* [Task instructions] Could you filter the data below down to the lines that hold the word "cexp"?

Stored data
section \<open>Unitary divisors of products of prime powers\<close>

lemma gcd_mult_distrib_coprime:
  fixes a b c :: nat
  assumes "coprime a b"
  shows "gcd (a * b) c = gcd a c * gcd b c"
proof (rule dvd_antisym)
  obtain h1 h2 where h: "gcd (a * b) c = h1 * h2" "h1 dvd a" "h2 dvd b"
    using dvd_productE[OF gcd_dvd1] by blast
  then have "h1 dvd c" "h2 dvd c"
    by (metis dvd_mult_right dvd_mult_left gcd_dvd2)+
  then show "gcd (a * b) c dvd gcd a c * gcd b c"
    using h by (simp add: mult_dvd_mono)
  have "coprime (gcd a c) (gcd b c)"
    using assms by (meson coprime_divisors gcd_dvd1)
  then show "gcd a c * gcd b c dvd gcd (a * b) c"
    by (simp add: coprime_mult_dvd_iff mult_dvd_mono)
qed

lemma gcd_prod_distrib_pairwise_coprime:
  fixes q :: "'i \<Rightarrow> nat"
  assumes "finite I" "pairwise (\<lambda>l l'. coprime (q l) (q l')) I"
  shows "gcd (\<Prod>l\<in>I. q l) x = (\<Prod>l\<in>I. gcd (q l) x)"
  using assms
proof (induction I rule: finite_induct)
  case (insert a I)
  then have "coprime (q a) (\<Prod>l\<in>I. q l)"
    by (intro prod_coprime_right) (auto simp: pairwise_insert)
  with insert show ?case
    by (simp add: gcd_mult_distrib_coprime pairwise_insert)
qed simp

lemma prime_power_dvd_or_coprime:
  fixes p d e :: nat
  assumes "Factorial_Ring.prime p" "coprime d e" "p ^ k dvd d * e"
  shows "p ^ k dvd d \<or> coprime (p ^ k) d"
proof (cases "p dvd d")
  case True
  then have "\<not> p dvd e"
    using assms(1,2) coprime_common_divisor_nat by (metis not_prime_1)
  then have "coprime (p ^ k) e"
    using assms(1) by (simp add: prime_imp_coprime coprime_power_left_iff)
  then show ?thesis
    using assms(3) by (simp add: coprime_dvd_mult_left_iff)
next
  case False
  then show ?thesis
    using assms(1) by (simp add: prime_imp_coprime coprime_power_left_iff)
qed
lemma AE_nonempty: "AE \<nu> in P. \<exists>e. 0 < \<nu> e"
proof -
  obtain \<epsilon> :: real where \<epsilon>: "0 < \<epsilon>"
    and bound: "\<And>n R. (\<integral>\<nu>. avoids_axis_ball S R \<nu> \<partial>law_C S S' f r n) \<le> 1 / (1 + (1 + \<epsilon>) ^ R)"
    using integral_avoids_axis_ball_le[OF nonamenable_S] by blast
  note avoids = continuous_map_avoids_axis_ball avoids_axis_ball_bounds
  define N where "N = (\<Inter>R. {\<nu> \<in> space P. 1 \<le> avoids_axis_ball S R \<nu>})"
  have N: "N \<in> sets P" unfolding N_def using borel_measurable_P[OF avoids(1)] by measurable
  have "measure P N \<le> inverse (1 + \<epsilon>) ^ R" for R
  proof -
    have "measure P N \<le> measure P {\<nu> \<in> space P. 1 \<le> avoids_axis_ball S R \<nu>}"
      using borel_measurable_P[OF avoids(1)] by (intro P.finite_measure_mono) (auto simp: N_def)
    also have "\<dots> \<le> (\<integral>\<nu>. avoids_axis_ball S R \<nu> \<partial>P) / 1"
      using avoids(2) by (intro integral_Markov_inequality_measure[OF integrable_P[OF avoids] N]) auto
    also have "\<dots> = (\<integral>\<nu>. avoids_axis_ball S R \<nu> \<partial>P)" by simp
    also have "\<dots> \<le> 1 / (1 + (1 + \<epsilon>) ^ R)"
      by (rule LIMSEQ_le_const2[OF integral_law_C_tendsto[OF avoids]]) (use bound in auto)
    also have "\<dots> \<le> inverse (1 + \<epsilon>) ^ R"
      using \<epsilon> by (simp add: power_inverse divide_inverse le_imp_inverse_le)
    finally show ?thesis .
  qed
  then have "measure P N \<le> 0"
    using \<epsilon> by (intro LIMSEQ_le_const[OF LIMSEQ_power_zero[of "inverse (1 + \<epsilon>)"]])
      (auto simp: inverse_less_1_iff)
  then have "N \<in> null_sets P"
    using N measure_nonneg[of P N] by (simp add: P.emeasure_eq_measure null_sets_def)
  moreover have "{\<nu> \<in> space P. \<not> (\<exists>e. 0 < \<nu> e)} \<subseteq> N"
  proof
    fix \<nu> assume "\<nu> \<in> {\<nu> \<in> space P. \<not> (\<exists>e. 0 < \<nu> e)}"
    then have "\<nu> \<in> space P" "\<nu> = (\<lambda>_. 0)" by (auto simp: fun_eq_iff)
    then show "\<nu> \<in> N" by (simp add: N_def)
  qed
  ultimately show ?thesis by (rule AE_I')
qed

lemma integral_sees_pattern_eq_0:
  assumes "pattern_unrealised j R L"
  shows "(\<integral>\<nu>. sees_pattern j R L \<nu> \<partial>P) = 0"
proof -
  obtain C where C: "\<And>n. R \<le> n \<Longrightarrow> 1 \<le> n \<Longrightarrow> (\<integral>\<nu>. sees_pattern j R L \<nu> \<partial>law_C S S' f r n) \<le> C / real n"
    using integral_sees_pattern_le[OF nonamenable_S strict_mono_r A_pos ratio_bounds assms] by blast
  have "\<forall>\<^sub>F k in sequentially. norm (\<integral>\<nu>. sees_pattern j R L \<nu> \<partial>law_C S S' f r (nk k)) \<le> \<bar>C\<bar> / real k"
  proof (rule eventually_mono[OF eventually_ge_at_top[of "max R 1"]])
    fix k assume k: "max R 1 \<le> k"
    have nk: "k \<le> nk k" by (rule seq_suble[OF strict_mono_nk])
    have "(\<integral>\<nu>. sees_pattern j R L \<nu> \<partial>law_C S S' f r (nk k)) \<le> C / real (nk k)"
      by (rule C) (use k nk in auto)
    also have "\<dots> \<le> \<bar>C\<bar> / real (nk k)" by (intro divide_right_mono) auto
    also have "\<dots> \<le> \<bar>C\<bar> / real k" using k nk by (intro divide_left_mono) auto
    finally have "(\<integral>\<nu>. sees_pattern j R L \<nu> \<partial>law_C S S' f r (nk k)) \<le> \<bar>C\<bar> / real k" .
    moreover have "0 \<le> (\<integral>\<nu>. sees_pattern j R L \<nu> \<partial>law_C S S' f r (nk k))"
      by (intro integral_nonneg_AE AE_I2) (simp add: sees_pattern_bounds)
    ultimately show "norm (\<integral>\<nu>. sees_pattern j R L \<nu> \<partial>law_C S S' f r (nk k)) \<le> \<bar>C\<bar> / real k"
      by simp
  qed
  then have "(\<lambda>k. \<integral>\<nu>. sees_pattern j R L \<nu> \<partial>law_C S S' f r (nk k)) \<longlonglongrightarrow> 0"
    by (rule Lim_null_comparison) (rule lim_const_over_n)
  with integral_law_C_tendsto[OF continuous_map_sees_pattern sees_pattern_bounds]
  show ?thesis by (rule LIMSEQ_unique)
qed

lemma AE_horoball_II: "AE \<nu> in P. \<forall>e. 0 < \<nu> e \<longrightarrow> horoball_II S S' f r e"
proof -
  have "AE \<nu> in P. pattern_unrealised j R L \<longrightarrow> sees_pattern j R L \<nu> = 0" for j R L
  proof (cases "pattern_unrealised j R L")
    case True
    have "integrable P (sees_pattern j R L)"
      by (rule integrable_P[OF continuous_map_sees_pattern sees_pattern_bounds])
    then have "AE \<nu> in P. sees_pattern j R L \<nu> = 0"
      using integral_nonneg_eq_0_iff_AE integral_sees_pattern_eq_0[OF True] sees_pattern_bounds
      by blast
    then show ?thesis by auto
  qed simp
  then have "AE \<nu> in P. \<forall>j R L. pattern_unrealised j R L \<longrightarrow> sees_pattern j R L \<nu> = 0"
    by (simp add: AE_all_countable)
  with AE_space show ?thesis
  proof eventually_elim
    case (elim \<nu>)
    then show ?case using horoball_II_if_misses_unrealised_patterns[of \<nu>] space_P by blast
  qed
qed

end

theorem lemma4p1:
  fixes S :: "'a::group_add set" and S' :: "'b::group_add set"
    and f r nk :: "nat \<Rightarrow> nat"
    and P :: "((('a \<times> 'b) set \<times> ('a \<times> 'b \<Rightarrow> real)) \<Rightarrow> nat) measure"
  assumes "finite S" "generates S" "finite S'" "generates S'"
    and "nonamenable S" "nonamenable S'"
    and "mono f" "f 0 = 0" "strict_mono r"
    and "\<exists>A B. 0 < A \<and> (\<forall>n. A \<le> real (ball_vol S' (f (r n))) / real (ball_vol S (r n))
                              \<and> real (ball_vol S' (f (r n))) / real (ball_vol S (r n)) \<le> B)"
    and "\<forall>m. \<exists>N. \<forall>n\<ge>N. \<bar>real (f (n + m)) - real (f n) - cexp S S' * real m\<bar> \<le> 1"
    and "strict_mono nk"
    and "prob_space P" "sets P = sets (vague_borel S S')"
    and "weak_conv_pp S S' (\<lambda>k. law_C S S' f r (nk k)) P"
  shows "AE \<nu> in P. (\<exists>e. 0 < \<nu> e) \<and> (\<forall>e. 0 < \<nu> e \<longrightarrow> horoball_II S S' f r e)"
proof -
  obtain A B where "0 < A" and ratio: "\<And>n. A \<le> real (ball_vol S' (f (r n))) / real (ball_vol S (r n))
      \<and> real (ball_vol S' (f (r n))) / real (ball_vol S (r n)) \<le> B"
    using assms(10) by blast
  interpret diamond_limit S S' f r P nk A B
    by (intro diamond_limit.intro diamond_family.intro diamond_limit_axioms.intro assms \<open>0 < A\<close> ratio)
  show ?thesis using AE_nonempty AE_horoball_II by simp
qed

end
(* Let $n,k,r$ be integers with $k,r\geq 2$ and $n\geq k+r-1$. If $H$ is a vertex-$k$-maximal $r$-uniform hypergraph on $n$ vertices, then $\overline{\kappa}(H)=\kappa(H)=k$.
   Context: A hypergraph $H=(V,E)$ consists of a finite vertex set $V$ and a set $E$ of non-empty subsets of $V$ (edges). $H$ is $r$-uniform if every edge has exactly $r$ elements. $K_n^r$ denotes the complete $r$-uniform hypergraph on $n$ vertices (all $r$-subsets are edges; no edges if $n<r$). The complement $H^c$ of an $r$-uniform hypergraph $H=(V,E)$ is the $r$-uniform hypergraph on $V$ whose edges are the $r$-subsets of $V$ not in $E$. A subhypergraph of $H$ is $H'=(V',E')$ with $V'\subseteq V$, $E'\subseteq E$ (and edges of $E'$ contained in $V'$). For an $r$-subset $e\in E(H^c)$, $H+e=(V,E\cup\{e\})$. For $Y\subseteq V$, $H[Y]$ is the induced hypergraph with vertex set $Y$ and edges $\{e\in E: e\subseteq Y\}$, and $H-Y=H[V\setminus Y]$. A path is an alternating sequence $v_1,e_1,v_2,\dots,e_s,v_{s+1}$ of distinct vertices and distinct edges with $v_i,v_{i+1}\in e_i$; $H$ is connected if any two vertices are joined by a path. A vertex-cut is a set $X\subseteq V$ with $H-X$ disconnected. The vertex-connectivity $\kappa(H)$ is the minimum size of a vertex-cut if $H$ has one, and $|V(H)|-1$ otherwise. $\overline{\kappa}(H)=\max\{\kappa(H'): H'\text{ a subhypergraph of }H\}$. An $r$-uniform hypergraph $H$ is vertex-$k$-maximal if $\overline{\kappa}(H)\leq k$ but $\overline{\kappa}(H+e)\geq k+1$ for every $e\in E(H^c)$. *)

theory Defs
  imports Main
begin

definition hypergraph :: "'a set \<Rightarrow> 'a set set \<Rightarrow> bool" where
  "hypergraph V E \<longleftrightarrow> finite V \<and> (\<forall>e\<in>E. e \<noteq> {} \<and> e \<subseteq> V)"

definition uniform_hg :: "nat \<Rightarrow> 'a set \<Rightarrow> 'a set set \<Rightarrow> bool" where
  "uniform_hg r V E \<longleftrightarrow> hypergraph V E \<and> (\<forall>e\<in>E. card e = r)"
(* R = K[x] is 'k poly, K(x) = 'k poly fract. Matrix indices are 0-based:
   paper index i corresponds to Isabelle index i-1. *)

definition embR :: "'k::field poly \<Rightarrow> 'k poly fract" where
  "embR r = Fract r 1"

definition Xf :: "'k::field poly fract" where
  "Xf = embR [:0, 1:]"

definition mat_trace :: "'a::comm_ring_1 mat \<Rightarrow> 'a" where
  "mat_trace A = (\<Sum>i<dim_row A. A $$ (i, i))"

definition cexp :: "nat \<Rightarrow> nat \<Rightarrow> nat \<Rightarrow> int" where
  "cexp n i j = (if i = 0 \<and> j = n - 1 then -1
                 else if i \<le> j then 0
                 else if i = j + 1 then 1 else 2)"

definition Lam :: "nat \<Rightarrow> 'k::field poly fract mat set" where
  "Lam n = {M \<in> carrier_mat n n. \<forall>i<n. \<forall>j<n.
              \<exists>r. M $$ (i, j) = Xf powi (cexp n i j) * embR r}"

definition DLam :: "nat \<Rightarrow> 'k::field poly fract mat set" where
  "DLam n = {Y \<in> carrier_mat n n. \<forall>l\<in>Lam n. mat_trace (Y * l) \<in> range embR}"

definition Gmat :: "nat \<Rightarrow> 'k::field poly fract mat" where
  "Gmat n = mat n n (\<lambda>(i, j).
     if i < 2 \<and> j = i + n - 2 then 1
     else if 2 \<le> i \<and> j = i - 2 then Xf ^ 2 else 0)"

definition Ginv :: "nat \<Rightarrow> 'k::field poly fract mat" where
  "Ginv n = (THE H. H \<in> carrier_mat n n \<and> Gmat n * H = 1\<^sub>m n \<and> H * Gmat n = 1\<^sub>m n)"

definition alpha :: "nat \<Rightarrow> 'k::field poly fract mat \<Rightarrow> 'k poly fract mat" where
  "alpha n l = Ginv n * l * Gmat n"

definition fmap :: "nat \<Rightarrow> 'k::field poly fract mat \<Rightarrow> 'k poly fract mat" where
  "fmap n m = m * Ginv n"

end

theory Submission
  imports Defs
begin

text \<open>
  G is a monomial matrix: its only nonzero entry in column j is x^(e j) in row \<sigma> j, where
  \<sigma> is the cyclic shift j \<mapsto> j + 2 (mod n) and e j = 2 for j < n - 2, e j = 0 otherwise.
  Conjugation by G and right multiplication by G\<inverse> therefore only permute the entries of a
  matrix and multiply them by powers of x. Since \<Lambda> consists of the matrices with (i, j) entry
  in x^(c i j) R, and its trace dual of those with (i, j) entry in x^(- c j i) R, both
  membership statements reduce to the exponent identities
  c (\<sigma> i) (\<sigma> j) = c i j + e i - e j  and  c i j + c (\<sigma> j) i = e j.
  The remaining bimodule identities are associativity.
\<close>

lemma embR_add: "embR (a + b) = embR a + embR b"
  by (simp add: embR_def)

* [Result of this task]
    and "\<forall>m. \<exists>N. \<forall>n\<ge>N. \<bar>real (f (n + m)) - real (f n) - cexp S S' * real m\<bar> \<le> 1"
definition cexp :: "nat \<Rightarrow> nat \<Rightarrow> nat \<Rightarrow> int" where
  "cexp n i j = (if i = 0 \<and> j = n - 1 then -1
              \<exists>r. M $$ (i, j) = Xf powi (cexp n i j) * embR r}"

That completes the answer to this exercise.